Exercise objective:
Scan the data below for the string "widetilde". Show every line where it turns up.

Provided information:
(* Under (LS) with $k=0$ and (F1), there is $C_{Cov}<\infty$ such that for every $h\in\mathbb{Z}$, $$\sup_{\underline s_1,\underline s_2\in\mathcal S,\ u_1,u_2\in[0,1]}\Big|\operatorname{Cov}\big(f(\underline s_1,\widetilde{\underline X}_0(u_1)),f(\underline s_2,\widetilde{\underline X}_h(u_2))\big)\Big|\le C_{Cov}\,\vartheta^{|h|\delta/(2(1+\delta))}.$$
   Context: (LS) with $k=0$: $\underline X_{t,T}=\underline\mu(t/T)+\sum_jA_{t,T}(j)\underline\varepsilon_{t-j}$; $(\underline\varepsilon_t)$ i.i.d. centred in $\mathbb{R}^d$ with $E|\underline\varepsilon_1|_1<\infty$; $\underline\mu$ continuously differentiable; for some $\vartheta\in(0,1)$, $B<\infty$: $\sup_{t,T}|A_{t,T}(j)|_1\le B\vartheta^{|j|}$ ($|M|_1=\max_j\sum_i|m^{(i,j)}|$); entrywise continuously differentiable $A(\cdot,j)=(a^{(p,q)}(\cdot,j))$ with $\sup_u|a^{(p,q)}(u,j)|\le B\vartheta^{|j|}$ and $\sup_{t,T}T|A_{t,T}(j)-A(t/T,j)|_1\le B\vartheta^{|j|}$. $\widetilde{\underline X}_t(u)=\underline\mu(u)+\sum_jA(u,j)\underline\varepsilon_{t-j}$; truncations $\widetilde{\underline X}^{(M)}_t(u)$, $\underline X^{(M)}_{t,T}$: sums restricted to $|j|<M$. (F1): $(\mathcal S,\rho)$ compact semimetric, $\mathcal S\subseteq\overline{\mathbb{R}}^d$; $\sup_{\underline s}|f(\underline s,\underline x)-f(\underline s,\underline x^\circ)|\le C_{Lip}|\underline x-\underline x^\circ|_1$; for some $\delta\in(0,1/2)$ (the $\delta$ in the claim), uniformly bounded $(2+\delta)$-th absolute moments of $f(\underline s,\underline X_{t,T}),f(\underline s,\underline X^{(M)}_{t,T})$ (over $t\le T,\underline s,M$) and of $f(\underline s,\widetilde{\underline X}_0(u)),f(\underline s,\widetilde{\underline X}^{(M)}_0(u))$ (over $u,\underline s,M$). *)

theory Defs
  imports "HOL-Probability.Probability"
begin
(* For every $z_j\in Z_\theta$ and every $t=0,1,\dots,T-2$, $\bar\omega_t(z_j)\le U^\omega_t(z_j)\le\bar U^\omega_t(\theta)$, where, with $\mu_t(0)=z_j$ and $\mu_t(i)=\max(\mu_t(i-1),S^U_{t+i-1})+\theta$ for $i=1,\dots,T-2-t$, $$U^\omega_t(z_j)=\theta\sum_{i=0}^{T-2-t}\alpha^i\gamma_{t+i}+\theta\sum_{i=0}^{T-2-t}\sum_{n=1}^{T-1-t-i}\alpha^{n+i}\gamma_{t+i+n}\Big[\prod_{m=0}^{n-1}F_{t+i+m}\big(S^U_{t+i}+(m+1)\theta-s_{t+i+m+1}\big)+\prod_{m=0}^{n-1}F_{t+i+m}\big(\max(\mu_t(i),S^U_{t+i})+(m+1)\theta-s_{t+i+m+1}\big)\Big],$$ $$\bar U^\omega_t(\theta)=\theta\sum_{i=0}^{T-2-t}\alpha^i\gamma_{t+i}+2\theta\sum_{i=0}^{T-2-t}\sum_{n=1}^{T-1-t-i}\alpha^{n+i}\gamma_{t+i+n}.$$
   Context: Model. Fix an integer horizon $T\ge 2$, a discount factor $\alpha\in(0,1]$, and for $t=0,\dots,T-1$: unit ordering costs $c_t\in\mathbb R$, a salvage coefficient $c_T\in\mathbb R$, setup costs $K_t\ge 0$, functions $G_t:\mathbb R\to\mathbb R$, and independent nonnegative random demands $D_0,\dots,D_{T-1}$ with right-continuous distribution functions $F_t$ and finite means; all expectations appearing are assumed finite. Put $C_t(y)=(c_t-\alpha c_{t+1})y+G_t(y)+\alpha c_{t+1}E[D_t]$. Standing assumptions: (i) each $C_t$ is convex with $C_t(y)\to+\infty$ as $|y|\to\infty$; (ii) $K_t\ge \alpha K_{t+1}$ for $t=0,\dots,T-2$; (iii) there are constants $\gamma_t\ge 0$ with $|C_t(x)-C_t(y)|\le\gamma_t|x-y|$ for all $x,y$. Grid construction. Fix $\theta>0$, $z_m=m\theta$, $Z_\theta=\{z_m:m\in\mathbb Z\}$, $f_t(n)=F_t(z_{n+1})-F_t(z_n)$ ($n\ge -1$). $C^m_t=\min\{y: C_t(y)=\min_x C_t(x)\}$; with $z_{n_0}<C^m_t\le z_{n_0+1}$, $S^U_t=\min\{z_m\in Z_\theta: z_m\ge C^m_t,\ C_t(z_m)>C_t(z_{n_0})+K_t\}$. $s_{T-1}$ is a point with $s_{T-1}\le C^m_{T-1}$, $C_{T-1}(s_{T-1})=C_{T-1}(C^m_{T-1})+K_{T-1}$; $\bar I_{T-1}=s_{T-1}$. For $t=T-2,\dots,0$: $I_t=\max\{z_m\in Z_\theta: z_m<\min(\bar I_{t+1}-\theta,C^m_t)\}$, $\bar I_t=\max\{z_m\in Z_\theta: z_m\le I_t,\ C_t(z_m)>C_t(I_t)+K_t\}+\theta$. $H_{T-1}=C_{T-1}$, $S_{T-1}=C^m_{T-1}$; $V_t(y)=H_t(S_t)+K_t$ for $y<s_t$, $V_t(y)=H_t(y)$ for $y\ge s_t$. For $t=T-2,\dots,0$: $H_t(y)=C_t(y)+\alpha\sum_{n=-1}^\infty V_{t+1}(y-z_n)f_t(n)$; $S_t=\max\{z_m\in Z_\theta: I_t\le z_m\le S^U_t,\ H_t(z_m)=\min\{H_t(z_n):z_n\in Z_\theta, I_t\le z_n\le S^U_t\}\}$; $s_t=S_t$ if $K_t=0$, else $s_t=\min\{z_m\in Z_\theta:\bar I_t\le z_m\le S_t,\ H_t(z_m)\le H_t(S_t)+K_t\}$. Estimate functions. $\psi_{T-1}(x,y)=\bar\psi_{T-1}(x,y)=\gamma_{T-1}x$; $\varphi_{T-1}(x,y)=\bar\varphi_{T-1}(x,y)=0$ if $y<s_{T-1}$ and $=\gamma_{T-1}x$ if $y\ge s_{T-1}$. For $t=0,\dots,T-2$, with $n$ the integer such that $z_{n-1}\le y-s_{t+1}<z_n$: $\psi_t(x,y)=\gamma_tx$ if $y<s_{t+1}-\theta$, else $\psi_t(x,y)=\gamma_tx+\alpha\sum_{m=-1}^{n-1}\varphi_{t+1}(x,y-z_m)f_t(m)$; $\varphi_t(x,y)=0$ if $y<s_t$, $=\psi_t(y-s_t,y)$ if $y\ge s_t$ and $y-x<s_t$, $=\psi_t(x,y)$ if $y\ge s_t$ and $y-x\ge s_t$. Likewise $\bar\psi_t(x,y)=\gamma_tx$ if $y<s_{t+1}-\theta$, else $\bar\psi_t(x,y)=\gamma_tx+\alpha\sum_{m=-1}^{n-1}\bar\varphi_{t+1}(x,y-z_m)f_t(m)$; $\bar\varphi_t(x,y)=0$ if $y<s_t$, $=\bar\psi_t(y-s_t+\theta,y)$ if $y\ge s_t$ and $y-x<s_t$, $=\bar\psi_t(x,y)$ if $y\ge s_t$ and $y-x\ge s_t$. Error-bound functions. $\omega_{T-1}\equiv\bar\omega_{T-1}\equiv 0$, $\eta_{T-1}=0$. For $t=T-2,\dots,0$: $\omega_t(x)=\psi_t(\theta,x)-\gamma_t\theta+\alpha\sum_{n=-1}^\infty\bar\omega_{t+1}(x-z_n)f_t(n)$; $\eta_t=\bar\psi_t(\theta,S^U_t)+\omega_t(S^U_t)$; $\bar\omega_t(x)=\eta_t$ if $x\le S^U_t$ and $\bar\omega_t(x)=\max(\eta_t,\omega_t(x))$ if $x>S^U_t$. *)

theory Defs
  imports "HOL-Probability.Probability"
begin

Task answer:
(* Under (LS) with $k=0$ and (F1), there is $C_{Cov}<\infty$ such that for every $h\in\mathbb{Z}$, $$\sup_{\underline s_1,\underline s_2\in\mathcal S,\ u_1,u_2\in[0,1]}\Big|\operatorname{Cov}\big(f(\underline s_1,\widetilde{\underline X}_0(u_1)),f(\underline s_2,\widetilde{\underline X}_h(u_2))\big)\Big|\le C_{Cov}\,\vartheta^{|h|\delta/(2(1+\delta))}.$$
   Context: (LS) with $k=0$: $\underline X_{t,T}=\underline\mu(t/T)+\sum_jA_{t,T}(j)\underline\varepsilon_{t-j}$; $(\underline\varepsilon_t)$ i.i.d. centred in $\mathbb{R}^d$ with $E|\underline\varepsilon_1|_1<\infty$; $\underline\mu$ continuously differentiable; for some $\vartheta\in(0,1)$, $B<\infty$: $\sup_{t,T}|A_{t,T}(j)|_1\le B\vartheta^{|j|}$ ($|M|_1=\max_j\sum_i|m^{(i,j)}|$); entrywise continuously differentiable $A(\cdot,j)=(a^{(p,q)}(\cdot,j))$ with $\sup_u|a^{(p,q)}(u,j)|\le B\vartheta^{|j|}$ and $\sup_{t,T}T|A_{t,T}(j)-A(t/T,j)|_1\le B\vartheta^{|j|}$. $\widetilde{\underline X}_t(u)=\underline\mu(u)+\sum_jA(u,j)\underline\varepsilon_{t-j}$; truncations $\widetilde{\underline X}^{(M)}_t(u)$, $\underline X^{(M)}_{t,T}$: sums restricted to $|j|<M$. (F1): $(\mathcal S,\rho)$ compact semimetric, $\mathcal S\subseteq\overline{\mathbb{R}}^d$; $\sup_{\underline s}|f(\underline s,\underline x)-f(\underline s,\underline x^\circ)|\le C_{Lip}|\underline x-\underline x^\circ|_1$; for some $\delta\in(0,1/2)$ (the $\delta$ in the claim), uniformly bounded $(2+\delta)$-th absolute moments of $f(\underline s,\underline X_{t,T}),f(\underline s,\underline X^{(M)}_{t,T})$ (over $t\le T,\underline s,M$) and of $f(\underline s,\widetilde{\underline X}_0(u)),f(\underline s,\widetilde{\underline X}^{(M)}_0(u))$ (over $u,\underline s,M$). *)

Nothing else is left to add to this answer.